On 1/31/23 6:40 PM, Steffen Nurpmeso wrote:
> ron minnich wrote in
>   <CAP6exY+Qz2Oe4gC4D1Fqy22JKKDaanTOYpc0gxugBv485JUknQ at mail.gmail.com>:
>   |That example was a simplified bit of code from a widely used code base. All
>   |I need to do is change the function g go a pointer to function, or have it
>   |be provided by a .so, and all bets are off.
>   |
>   |In any event, the important thing here is not that y should be initialized,
>   |or should not; it's that it is not possible to get a consistent answer on
>   |the question, from people who have been writing in C for decades.
> I find the syntax just terrible.  (I have not programmed with it.)
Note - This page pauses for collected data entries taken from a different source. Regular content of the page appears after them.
(* Let $(A,\cdot,\circ)$ be a skew brace and let $B$, $C$ be sub-skew braces of $A$. (a) If $A = B\cdot C$ and $B$ is a left ideal in $A$ or in $A^{\mathrm{op}}$, then $A = B\circ C$. (b) If $A = B\circ C$ and $B$ is a right ideal in $A$ or in $A^{\mathrm{op}}$, then $A = B\cdot C$.
   Context: A skew brace is a set $A$ with two group operations $\cdot$ (often written by juxtaposition) and $\circ$ such that $a\circ(bc) = (a\circ b)\,a^{-1}\,(a\circ c)$ for all $a,b,c\in A$. $a^{-1}$ denotes the inverse in $(A,\cdot)$. Define $a*b = a^{-1}(a\circ b)b^{-1}$, $\lambda_a(b)=a^{-1}(a\circ b)$, $\lambda^{\mathrm{op}}_a(b)=(a\circ b)a^{-1}$. A sub-skew brace is a subset that is a subgroup of both $(A,\cdot)$ and $(A,\circ)$. $A=B\cdot C$ means every element is $bc$ with $b\in B,c\in C$; $A=B\circ C$ similarly. A subgroup $I$ of $(A,\cdot)$ is a left ideal in $A$ iff $\lambda_a(x)\in I$ for all $a\in A,x\in I$, and a right ideal in $A$ iff $\lambda_x(a)a^{-1}\in I$ for all $x\in I,a\in A$. The opposite skew brace $A^{\mathrm{op}}$ is $A$ with $a\cdot^{\mathrm{op}}b=ba$ and the same $\circ$; $I$ is a left ideal in $A^{\mathrm{op}}$ iff $\lambda^{\mathrm{op}}_a(x)\in I$ for all $a\in A,x\in I$, and a right ideal in $A^{\mathrm{op}}$ iff $a^{-1}\lambda^{\mathrm{op}}_x(a)\in I$ for all $x\in I,a\in A$. *)

theory Defs
  imports "HOL-Algebra.Group"
begin

definition dot_grp :: "'a set \<Rightarrow> ('a \<Rightarrow> 'a \<Rightarrow> 'a) \<Rightarrow> 'a \<Rightarrow> 'a monoid" where
  "dot_grp A f e = \<lparr>carrier = A, mult = f, one = e\<rparr>"

definition skew_brace ::
  "'a set \<Rightarrow> ('a \<Rightarrow> 'a \<Rightarrow> 'a) \<Rightarrow> 'a \<Rightarrow> ('a \<Rightarrow> 'a \<Rightarrow> 'a) \<Rightarrow> 'a \<Rightarrow> bool" where
  "skew_brace A dt e1 cr e2 \<longleftrightarrow>
     group (dot_grp A dt e1) \<and> group (dot_grp A cr e2) \<and>
     (\<forall>a\<in>A. \<forall>b\<in>A. \<forall>c\<in>A.
        cr a (dt b c) = dt (dt (cr a b) (inv\<^bsub>dot_grp A dt e1\<^esub> a)) (cr a c))"

definition sub_skew_brace ::
  "'a set \<Rightarrow> 'a set \<Rightarrow> ('a \<Rightarrow> 'a \<Rightarrow> 'a) \<Rightarrow> 'a \<Rightarrow> ('a \<Rightarrow> 'a \<Rightarrow> 'a) \<Rightarrow> 'a \<Rightarrow> bool" where
  "sub_skew_brace B A dt e1 cr e2 \<longleftrightarrow>
     subgroup B (dot_grp A dt e1) \<and> subgroup B (dot_grp A cr e2)"

definition lam :: "'a set \<Rightarrow> ('a \<Rightarrow> 'a \<Rightarrow> 'a) \<Rightarrow> 'a \<Rightarrow> ('a \<Rightarrow> 'a \<Rightarrow> 'a) \<Rightarrow> 'a \<Rightarrow> 'a \<Rightarrow> 'a" where
  "lam A dt e1 cr a b = dt (inv\<^bsub>dot_grp A dt e1\<^esub> a) (cr a b)"

definition lam_op :: "'a set \<Rightarrow> ('a \<Rightarrow> 'a \<Rightarrow> 'a) \<Rightarrow> 'a \<Rightarrow> ('a \<Rightarrow> 'a \<Rightarrow> 'a) \<Rightarrow> 'a \<Rightarrow> 'a \<Rightarrow> 'a" where
  "lam_op A dt e1 cr a b = dt (cr a b) (inv\<^bsub>dot_grp A dt e1\<^esub> a)"

definition left_ideal where
  "left_ideal I A dt e1 cr \<longleftrightarrow> subgroup I (dot_grp A dt e1) \<and>
     (\<forall>a\<in>A. \<forall>x\<in>I. lam A dt e1 cr a x \<in> I)"

definition right_ideal where
  "right_ideal I A dt e1 cr \<longleftrightarrow> subgroup I (dot_grp A dt e1) \<and>
     (\<forall>x\<in>I. \<forall>a\<in>A. dt (lam A dt e1 cr x a) (inv\<^bsub>dot_grp A dt e1\<^esub> a) \<in> I)"

definition left_ideal_op where
  "left_ideal_op I A dt e1 cr \<longleftrightarrow> subgroup I (dot_grp A dt e1) \<and>
     (\<forall>a\<in>A. \<forall>x\<in>I. lam_op A dt e1 cr a x \<in> I)"

definition right_ideal_op where
  "right_ideal_op I A dt e1 cr \<longleftrightarrow> subgroup I (dot_grp A dt e1) \<and>
     (\<forall>x\<in>I. \<forall>a\<in>A. dt (inv\<^bsub>dot_grp A dt e1\<^esub> a) (lam_op A dt e1 cr x a) \<in> I)"

definition set_prod :: "('a \<Rightarrow> 'a \<Rightarrow> 'a) \<Rightarrow> 'a set \<Rightarrow> 'a set \<Rightarrow> 'a set" where
  "set_prod f B C = {f b c | b c. b \<in> B \<and> c \<in> C}"

end

theory Submission
  imports Defs
begin

text \<open>Write \<open>c'\<close> for the inverse of \<open>c\<close> in \<open>(A,\<circ>)\<close> and \<open>x\<^sup>-\<^sup>1\<close> for inverses
  in \<open>(A,\<cdot>)\<close>. Expanding \<open>a \<circ> (b b\<^sup>-\<^sup>1) = a\<close> by the brace law gives
  \<open>a \<circ> b\<^sup>-\<^sup>1 = a (a \<circ> b)\<^sup>-\<^sup>1 a\<close>, in particular \<open>c \<circ> c'\<^sup>-\<^sup>1 = c c\<close>. With one more use of
  the brace law this yields \<open>c \<circ> \<lambda>\<^bsub>c'\<^esub>(b) = c b\<close> and \<open>c \<circ> \<lambda>\<^sup>o\<^sup>p\<^bsub>c'\<^esub>(b) = b c\<close>, so when \<open>B\<close>
  is a left ideal of \<open>A\<close> or of \<open>A\<^sup>o\<^sup>p\<close> the products \<open>c b\<close>, resp. \<open>b c\<close>, lie in \<open>C \<circ> B\<close>.
  Conversely \<open>b \<circ> c = b (\<lambda>\<^bsub>b\<^esub>(c) c\<^sup>-\<^sup>1) c = c (c\<^sup>-\<^sup>1 \<lambda>\<^sup>o\<^sup>p\<^bsub>b\<^esub>(c)) b\<close> handles right ideals.
  The order of the factors is immaterial: in a group, \<open>G = H K\<close> for subgroups \<open>H, K\<close>
  implies \<open>G = K H\<close> by passing to inverses.\<close>

lemma (in group) set_prod_subset_carrier:
  assumes "subgroup H G" and "subgroup K G"
  shows "set_prod (\<otimes>) H K \<subseteq> carrier G"
  using assms unfolding set_prod_def by (auto dest: subgroup.mem_carrier)

lemma (in group) carrier_eq_set_prod_swap:
  assumes H: "subgroup H G" and K: "subgroup K G" and eq: "carrier G \<subseteq> set_prod (\<otimes>) H K"
  shows "carrier G = set_prod (\<otimes>) K H"
proof
  show "carrier G \<subseteq> set_prod (\<otimes>) K H"
  proof
    fix x assume x: "x \<in> carrier G"
    then obtain h k where hk: "h \<in> H" "k \<in> K" "inv x = h \<otimes> k"
      using eq unfolding set_prod_def by blast
    then have "h \<in> carrier G" "k \<in> carrier G" using H K by (auto dest: subgroup.mem_carrier)
    with hk x have "x = inv k \<otimes> inv h" by (metis inv_inv inv_mult_group)
    with hk show "x \<in> set_prod (\<otimes>) K H"
      unfolding set_prod_def using H K by (blast intro: subgroup.m_inv_closed)
  qed
  show "set_prod (\<otimes>) K H \<subseteq> carrier G" by (rule set_prod_subset_carrier[OF K H])
qed

locale skew_brace_setting =
  fixes A dt e1 cr e2
  assumes skew_brace: "skew_brace A dt e1 cr e2"
begin

abbreviation "G_dot \<equiv> dot_grp A dt e1"
abbreviation "G_circ \<equiv> dot_grp A cr e2"
abbreviation "dinv a \<equiv> inv\<^bsub>G_dot\<^esub> a"
abbreviation "cinv a \<equiv> inv\<^bsub>G_circ\<^esub> a"

sublocale dot: group G_dot
  rewrites "carrier G_dot = A" and "mult G_dot = dt" and "one G_dot = e1"
  using skew_brace unfolding skew_brace_def by (simp_all add: dot_grp_def)

sublocale circ: group G_circ
  rewrites "carrier G_circ = A" and "mult G_circ = cr" and "one G_circ = e2"
  using skew_brace unfolding skew_brace_def by (simp_all add: dot_grp_def)

lemma brace_law:
  "\<lbrakk>a \<in> A; b \<in> A; c \<in> A\<rbrakk> \<Longrightarrow> cr a (dt b c) = dt (dt (cr a b) (dinv a)) (cr a c)"
  using skew_brace unfolding skew_brace_def by blast

lemma circ_one_dot_right:
  assumes a: "a \<in> A"
  shows "cr a e1 = a"
proof -
  have ae: "cr a e1 \<in> A" using a by simp
  have "cr a e1 = dt (dt (cr a e1) (dinv a)) (cr a e1)"
    using brace_law[OF a, of e1 e1] by simp
  then have "dt (cr a e1) (dinv a) = e1" using ae a by simp
  then show ?thesis using a ae
    by (metis dot.inv_closed dot.inv_equality dot.inv_inv)
qed

lemma one_dot_eq_one_circ: "e1 = e2"
  using circ_one_dot_right[of e2] circ.l_one[of e1] circ.one_closed dot.one_closed by simp

lemma circ_dot_inv:
  assumes a: "a \<in> A" and b: "b \<in> A"
  shows "cr a (dinv b) = dt (dt a (dinv (cr a b))) a"
proof -
  have ab: "cr a b \<in> A" and abi: "cr a (dinv b) \<in> A"
    using a b by simp_all
  have "a = dt (dt (cr a b) (dinv a)) (cr a (dinv b))"
    using brace_law[OF a b, of "dinv b"] b circ_one_dot_right[OF a] by simp
  then show ?thesis using a ab abi
    by (metis dot.inv_closed dot.m_assoc dot.m_closed dot.inv_solve_left)
qed

lemma circ_dot_inv_cinv: "c \<in> A \<Longrightarrow> cr c (dinv (cinv c)) = dt c c"
proof -
  assume c: "c \<in> A"
  have "cr c (cinv c) = e1" using c by (simp add: one_dot_eq_one_circ)
  with circ_dot_inv[OF c circ.inv_closed[OF c]]
  have "cr c (dinv (cinv c)) = dt (dt c (dinv e1)) c" by simp
  then show ?thesis using c by simp
qed

lemma circ_cinv_cancel_left: "\<lbrakk>c \<in> A; y \<in> A\<rbrakk> \<Longrightarrow> cr c (cr (cinv c) y) = y"
  by (simp add: circ.m_assoc[symmetric])

lemma circ_lam_cinv:
  assumes c: "c \<in> A" and b: "b \<in> A"
  shows "cr c (lam A dt e1 cr (cinv c) b) = dt c b"
proof -
  have "cr c (lam A dt e1 cr (cinv c) b)
      = dt (dt (dt c c) (dinv c)) (cr c (cr (cinv c) b))"
    unfolding lam_def using brace_law[OF c] circ_dot_inv_cinv[OF c] c b
    by simp
  also have "\<dots> = dt c b"
    using circ_cinv_cancel_left[OF c b] c b by (simp add: dot.m_assoc)
  finally show ?thesis .
qed

lemma circ_lam_op_cinv:
  assumes c: "c \<in> A" and b: "b \<in> A"
  shows "cr c (lam_op A dt e1 cr (cinv c) b) = dt b c"
proof -
  have "cr c (lam_op A dt e1 cr (cinv c) b)
      = dt (dt (cr c (cr (cinv c) b)) (dinv c)) (dt c c)"
    unfolding lam_op_def using brace_law[OF c] circ_dot_inv_cinv[OF c] c b
    by simp
  also have "\<dots> = dt b c"
    using circ_cinv_cancel_left[OF c b] c b by (simp add: dot.m_assoc[symmetric]) (simp add: dot.m_assoc)
  finally show ?thesis .
qed

lemma dot_mem_circ_prod_if_left_ideal:
  assumes B: "left_ideal B A dt e1 cr" and b: "b \<in> B" and c: "c \<in> C" and CA: "C \<subseteq> A"
  shows "dt c b \<in> set_prod cr C B"
proof -
  have "B \<subseteq> A" using B dot.subgroupE(1) unfolding left_ideal_def by simp
  then have "b \<in> A" "c \<in> A" using b c CA by blast+
  moreover have "lam A dt e1 cr (cinv c) b \<in> B"
    using B b \<open>c \<in> A\<close> unfolding left_ideal_def by simp
  ultimately show ?thesis using circ_lam_cinv[of c b, symmetric] c unfolding set_prod_def by blast
qed

lemma dot_mem_circ_prod_if_left_ideal_op:
  assumes B: "left_ideal_op B A dt e1 cr" and b: "b \<in> B" and c: "c \<in> C" and CA: "C \<subseteq> A"
  shows "dt b c \<in> set_prod cr C B"
proof -
  have "B \<subseteq> A" using B dot.subgroupE(1) unfolding left_ideal_op_def by simp
  then have "b \<in> A" "c \<in> A" using b c CA by blast+
  moreover have "lam_op A dt e1 cr (cinv c) b \<in> B"
    using B b \<open>c \<in> A\<close> unfolding left_ideal_op_def by simp
  ultimately show ?thesis using circ_lam_op_cinv[of c b, symmetric] c unfolding set_prod_def by blast
qed

lemma circ_mem_dot_prod_if_right_ideal:
  assumes B: "right_ideal B A dt e1 cr" and b: "b \<in> B" and c: "c \<in> C" and CA: "C \<subseteq> A"
  shows "cr b c \<in> set_prod dt B C"
proof -
  have sub: "subgroup B G_dot" using B unfolding right_ideal_def by blast
  then have "B \<subseteq> A" by (rule dot.subgroupE(1))
  then have "b \<in> A" "c \<in> A" using b c CA by blast+
  define b' where "b' = dt b (dt (lam A dt e1 cr b c) (dinv c))"
  have t: "dt (lam A dt e1 cr b c) (dinv c) \<in> B" using B b \<open>c \<in> A\<close> unfolding right_ideal_def by blast
  have "b' \<in> B" unfolding b'_def using dot.subgroupE(4)[OF sub b t] .
  moreover have "cr b c = dt b' c"
    unfolding b'_def lam_def using \<open>b \<in> A\<close> \<open>c \<in> A\<close> by (simp add: dot.m_assoc) (simp add: dot.m_assoc[symmetric])
  ultimately show ?thesis using c unfolding set_prod_def by blast
qed

lemma circ_mem_dot_prod_if_right_ideal_op:
  assumes B: "right_ideal_op B A dt e1 cr" and b: "b \<in> B" and c: "c \<in> C" and CA: "C \<subseteq> A"
  shows "cr b c \<in> set_prod dt C B"
proof -
  have sub: "subgroup B G_dot" using B unfolding right_ideal_op_def by blast
  then have "B \<subseteq> A" by (rule dot.subgroupE(1))
  then have "b \<in> A" "c \<in> A" using b c CA by blast+
  define b' where "b' = dt (dt (dinv c) (lam_op A dt e1 cr b c)) b"
  have t: "dt (dinv c) (lam_op A dt e1 cr b c) \<in> B" using B b \<open>c \<in> A\<close> unfolding right_ideal_op_def by blast
  have "b' \<in> B" unfolding b'_def using dot.subgroupE(4)[OF sub t b] .
  moreover have "cr b c = dt c b'"
    unfolding b'_def lam_op_def using \<open>b \<in> A\<close> \<open>c \<in> A\<close>
    by (simp add: dot.m_assoc[symmetric]) (simp add: dot.m_assoc)
  ultimately show ?thesis using c unfolding set_prod_def by blast
qed

lemma circ_factorization_if_dot_factorization:
  assumes B: "sub_skew_brace B A dt e1 cr e2" and C: "sub_skew_brace C A dt e1 cr e2"
    and dot_eq: "A = set_prod dt B C"
    and ideal: "left_ideal B A dt e1 cr \<or> left_ideal_op B A dt e1 cr"
  shows "A = set_prod cr B C"
proof -
  have B_dot: "subgroup B G_dot" and C_dot: "subgroup C G_dot"
    and B_circ: "subgroup B G_circ" and C_circ: "subgroup C G_circ"
    using B C unfolding sub_skew_brace_def by auto
  have CA: "C \<subseteq> A" using C_dot by (rule dot.subgroupE(1))
  have "A \<subseteq> set_prod cr C B"
  proof
    fix x assume x: "x \<in> A"
    show "x \<in> set_prod cr C B"
    proof (cases "left_ideal B A dt e1 cr")
      case True
      have "A = set_prod dt C B"
        using dot.carrier_eq_set_prod_swap[OF B_dot C_dot equalityD1[OF dot_eq]] .
      then obtain c b where "c \<in> C" "b \<in> B" "x = dt c b"
        using x unfolding set_prod_def by blast
      then show ?thesis using dot_mem_circ_prod_if_left_ideal[OF True _ _ CA] by blast
    next
      case False
      then have left_ideal_op: "left_ideal_op B A dt e1 cr" using ideal by blast
      obtain b c where "b \<in> B" "c \<in> C" "x = dt b c"
        using x dot_eq unfolding set_prod_def by blast
      then show ?thesis using dot_mem_circ_prod_if_left_ideal_op[OF left_ideal_op _ _ CA] by blast
    qed
  qed
  then show ?thesis by (rule circ.carrier_eq_set_prod_swap[OF C_circ B_circ])
qed

lemma dot_factorization_if_circ_factorization:
  assumes B: "sub_skew_brace B A dt e1 cr e2" and C: "sub_skew_brace C A dt e1 cr e2"
    and circ_eq: "A = set_prod cr B C"
    and ideal: "right_ideal B A dt e1 cr \<or> right_ideal_op B A dt e1 cr"
  shows "A = set_prod dt B C"
proof -
  have B_dot: "subgroup B G_dot" and C_dot: "subgroup C G_dot"
    using B C unfolding sub_skew_brace_def by auto
  have CA: "C \<subseteq> A" using C_dot by (rule dot.subgroupE(1))
  show ?thesis
  proof (cases "right_ideal B A dt e1 cr")
    case True
    have "A \<subseteq> set_prod dt B C"
      using circ_eq circ_mem_dot_prod_if_right_ideal[OF True _ _ CA]
      unfolding set_prod_def[of cr] by blast
    then show ?thesis using dot.set_prod_subset_carrier[OF B_dot C_dot] by blast
  next
    case False
    then have right_ideal_op: "right_ideal_op B A dt e1 cr" using ideal by blast
    have "A \<subseteq> set_prod dt C B"
      using circ_eq circ_mem_dot_prod_if_right_ideal_op[OF right_ideal_op _ _ CA]
      unfolding set_prod_def[of cr] by blast
    then show ?thesis by (rule dot.carrier_eq_set_prod_swap[OF C_dot B_dot])
  qed
qed

end

theorem lemma2p7:
  assumes "skew_brace A dt e1 cr e2"
    and "sub_skew_brace B A dt e1 cr e2"
    and "sub_skew_brace C A dt e1 cr e2"
  shows "(A = set_prod dt B C \<and>
           (left_ideal B A dt e1 cr \<or> left_ideal_op B A dt e1 cr)
             \<longrightarrow> A = set_prod cr B C)
       \<and> (A = set_prod cr B C \<and>
           (right_ideal B A dt e1 cr \<or> right_ideal_op B A dt e1 cr)
             \<longrightarrow> A = set_prod dt B C)"
proof -
  interpret skew_brace_setting A dt e1 cr e2 by unfold_locales (rule assms(1))
  show ?thesis
    using circ_factorization_if_dot_factorization[OF assms(2,3)]
      dot_factorization_if_circ_factorization[OF assms(2,3)] by blast
qed

end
> I mean annotations are for the better, ok, (but i luckily get away
> with only "const" and "volatile" (and "mutable"), and leave things
> like "restrict" be a good man).  Johannes Lundberg i think it was
> who then left FreeBSD (?) but pointing to a Rust program
> he had written (i cannot find the reference), that was a few years
> ago (i looked once i composed this message first, it might even
> had been as early as 2017!), and i was lucky i do not have to deal
> with it.
> Even nim-lang.org that at least converted its code to plain C back
> in the day when it was still called Nimrod is too heavy for me now,
> but claims to be hard realtime aware etc.  It at least tries to
> give programmers some syntactic sugar that makes people happy when
> they look at the screen for 7 hours (underpaid) or 16 hours
> (over-ambitioned).  Like the only python thing i like, the
> syntax sugar.  But as languages grow they get more and more
> "refined", and now i read things like
>    type
>      BinaryTree*[T] = ref object # BinaryTree is a generic type with
>                                  # generic param `T`
>        le, ri: BinaryTree[T]     # left and right subtrees; may be nil
>        data: T                   # the data stored in a node
>    proc newNode*[T](data: T): BinaryTree[T] =
>      # constructor for a node
>      new(result)
>      result.data = data
> which gets me off a bit and makes me think that "hey, maybe
> Objective-C is not really the worst thing" (despite the syntax).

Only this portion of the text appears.